Lighting the World with a Smile

Hank Hogan

According to researchers in Germany, teeth may provide more than just a smile that helps gain friends and influence enemies. Instead, the structure of these dental fixtures could lead to the development of solar collectors that function under low-angle light conditions and strong winds or to better restorative dentistry techniques. Such are the beliefs of a team with members from the University of Ulm and Philipps University School of Dental Medicine in Marburg.

A cross section of a human tooth shows layers of enamel, dentin and pulp. Differences in refractive index among these layers — combined with the characteristic waveguide structure of the dentin — bring light from the outer tooth surface to the pulp. The upper inset shows a high-resolution microscopic image of the dentin's tubes. The lower inset is a scanning electron microscopic image of the photonic crystal structure of tubular dentin.

Andrei P. Sommer, a senior materials scientist at the University of Ulm, noted that such applications arise because teeth do not solely reflect light. “Teeth are, indeed, unique natural solar collectors. The biological purpose of the light-harvesting function is presently not totally clear,” he said.

Teeth consist of enamel on the outside and living pulp on the inside. Between these substances is dentin, which, as with the enamel, is composed of hydroxyapatite, a relatively transparent mineral with a refractive index of roughly 1.6. Unlike the partly crystalline solid enamel, however, dentin is full of hollow tubes that are up to 5 mm long and full of a liquid that has a refractive index of about 1.3. At the dentin-enamel interface, the tubes are a few hundred nanometers in diameter; at the dentin-pulp interface, the tubes are ~2 μm in diameter.

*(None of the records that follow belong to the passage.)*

lemma ereal_minimizer_finite:
  assumes "proper_ext h" and "\<And>z. ereal (q x) + h x \<le> ereal (q z) + h z"
  shows "h x \<noteq> \<infinity>"
proof
  assume "h x = \<infinity>"
  obtain z where "h z \<noteq> \<infinity>" "h z \<noteq> -\<infinity>" using assms(1) by (auto simp: proper_ext_def)
  with assms(2)[of z] \<open>h x = \<infinity>\<close> show False by auto
qed

lemma convex_composite_min_variational_ineq:
  fixes q :: "'a::real_inner \<Rightarrow> real" and h :: "'a \<Rightarrow> ereal"
  assumes h_convex: "convex_ext h" and h_finite: "\<And>z. h z \<noteq> -\<infinity>" "h x \<noteq> \<infinity>" "h y \<noteq> \<infinity>"
    and min: "\<And>z. ereal (q x) + h x \<le> ereal (q z) + h z"
    and upper: "\<And>z. q z \<le> q x + D \<bullet> (z - x) + C * (norm (z - x))\<^sup>2"
  shows "0 \<le> D \<bullet> (y - x) + real_of_ereal (h y) - real_of_ereal (h x)"
proof -
  obtain a b where a: "h x = ereal a" and b: "h y = ereal b"
    using h_finite by (cases "h x"; cases "h y") auto
  have "0 \<le> D \<bullet> (y - x) + b - a"
  proof (rule nonneg_if_nonneg_add_small_multiple[where K = "C * (norm (y - x))\<^sup>2"])
    fix u :: real assume u: "0 < u" "u \<le> 1"
    define z where "z = (1 - u) *\<^sub>R x + u *\<^sub>R y"
    have zx: "z - x = u *\<^sub>R (y - x)" by (simp add: z_def algebra_simps)
    have "h z \<le> ereal (1 - u) * h x + ereal u * h y"
      using h_convex u unfolding convex_ext_def z_def by (simp only: less_imp_le)
    also have "\<dots> = ereal ((1 - u) * a + u * b)" by (simp add: a b)
    finally have "h z \<le> ereal ((1 - u) * a + u * b)" .
    then obtain c where c: "h z = ereal c" "c \<le> (1 - u) * a + u * b"
      using h_finite(1)[of z] by (cases "h z") auto
    have "D \<bullet> (z - x) = u * (D \<bullet> (y - x))" by (simp add: zx)
    moreover have "C * (norm (z - x))\<^sup>2 = u\<^sup>2 * (C * (norm (y - x))\<^sup>2)"
      using u by (simp add: zx power_mult_distrib)
    moreover have "q x + a \<le> q z + c" using min[of z] a c by simp
    moreover have "u * (D \<bullet> (y - x) + b - a + u * (C * (norm (y - x))\<^sup>2))
        = u * (D \<bullet> (y - x)) + u\<^sup>2 * (C * (norm (y - x))\<^sup>2) + ((1 - u) * a + u * b) - a"
      by (simp add: power2_eq_square algebra_simps)
    ultimately have "0 \<le> u * (D \<bullet> (y - x) + b - a + u * (C * (norm (y - x))\<^sup>2))"
      using upper[of z] c(2) by linarith
    with u show "0 \<le> D \<bullet> (y - x) + b - a + u * (C * (norm (y - x))\<^sup>2)"
      by (simp add: zero_le_mult_iff)
  qed
  with a b show ?thesis by simp
qed

lemma proximal_step_variational_ineq:
  fixes f :: "'a::real_inner \<Rightarrow> real" and h :: "'a \<Rightarrow> ereal"
  assumes convex: "\<And>u v. f u + G u \<bullet> (v - u) \<le> f v"
    and lip: "\<And>u v. norm (G u - G v) \<le> L * norm (u - v)"
    and h_convex: "convex_ext h" and h_finite: "\<And>z. h z \<noteq> -\<infinity>" "h x \<noteq> \<infinity>" "h x' \<noteq> \<infinity>"
    and min: "\<And>z. ereal (f x + \<rho> / 2 * (norm (x - y))\<^sup>2 + g \<bullet> (x - y)) + h x
                  \<le> ereal (f z + \<rho> / 2 * (norm (z - y))\<^sup>2 + g \<bullet> (z - y)) + h z"
  shows "0 \<le> (G x + \<rho> *\<^sub>R (x - y) + g) \<bullet> (x' - x) + real_of_ereal (h x') - real_of_ereal (h x)"
proof (rule convex_composite_min_variational_ineq[OF h_convex h_finite min])
  fix z
  have "f z \<le> f x + G x \<bullet> (z - x) + L * (norm (z - x))\<^sup>2"
    by (rule gradient_lipschitz_upper_bound[OF convex lip])
  then show "f z + \<rho> / 2 * (norm (z - y))\<^sup>2 + g \<bullet> (z - y)
      \<le> f x + \<rho> / 2 * (norm (x - y))\<^sup>2 + g \<bullet> (x - y)
        + (G x + \<rho> *\<^sub>R (x - y) + g) \<bullet> (z - x) + (L + \<rho> / 2) * (norm (z - x))\<^sup>2"
    by (rule proximal_model_upper_bound)
qed

lemma mean_strong_convexity:
  fixes f :: "'i \<Rightarrow> 'a::real_inner \<Rightarrow> real" and G :: "'i \<Rightarrow> 'a \<Rightarrow> 'a"
  assumes I: "finite I" "I \<noteq> {}"
    and strong: "\<And>j. j \<in> I \<Longrightarrow> f j x + G j x \<bullet> (y - x) + s / 2 * (norm (y - x))\<^sup>2 \<le> f j y"
  shows "(1 / card I) * (\<Sum>j\<in>I. f j x) + ((1 / card I) *\<^sub>R (\<Sum>j\<in>I. G j x)) \<bullet> (y - x)
           + s / 2 * (norm (y - x))\<^sup>2 \<le> (1 / card I) * (\<Sum>j\<in>I. f j y)"
proof -
  have N: "real (card I) > 0" using I by (simp add: card_gt_0_iff)
  have "(\<Sum>j\<in>I. f j x) + (\<Sum>j\<in>I. G j x) \<bullet> (y - x) + card I * (s / 2 * (norm (y - x))\<^sup>2)
      = (\<Sum>j\<in>I. f j x + G j x \<bullet> (y - x) + s / 2 * (norm (y - x))\<^sup>2)"
    by (simp add: sum.distrib inner_sum_left)
  also have "\<dots> \<le> (\<Sum>j\<in>I. f j y)" by (rule sum_mono) (rule strong)
  finally have "(1 / card I) * ((\<Sum>j\<in>I. f j x) + (\<Sum>j\<in>I. G j x) \<bullet> (y - x) + card I * (s / 2 * (norm (y - x))\<^sup>2))
      \<le> (1 / card I) * (\<Sum>j\<in>I. f j y)"
    using N by (intro mult_left_mono) auto
  then show ?thesis using N by (simp add: distrib_left)
qed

The combination of structure and refractive indices makes teeth act as near-perfect photonic crystals, with the tubes functioning as antiguides that force light down the tube walls. Using a 40-mW, 670-nm laser from Lasotronic International Ltd. of Budapest, Hungary, the investigators found that light striking teeth from almost any angle is directed inward toward the pulp. By filling the tubes with cinnamon oil, which has a refractive index matching that of hydroxyapatite, they extinguished the effect.

Light funneling enables the treatment of inflamed pulp with a low-level therapeutic laser, which could affect restorative dentistry, because large composite fillings are photopolymerized from the top and side. Side illumination, according to Sommer, tends to be ineffective because the dentin’s structure prevents it from effectively reaching the filling.

Beyond the implications for dentistry, the research offers a blueprint for a solar collector, particularly in challenging environments. A solar collector built with a toothlike structure could collect light from any angle, and the vulnerable solar cell would be protected by a tough photonic crystal. Also, a rounded shape would shed obscuring snow, water and dust.

“Panels with arrays of photonic-crystal-based solar collectors represent a reasonable modality to generate energy in Antarctica,” Sommer said.

Energy & Fuels, September 2006, pp. 2189-2191.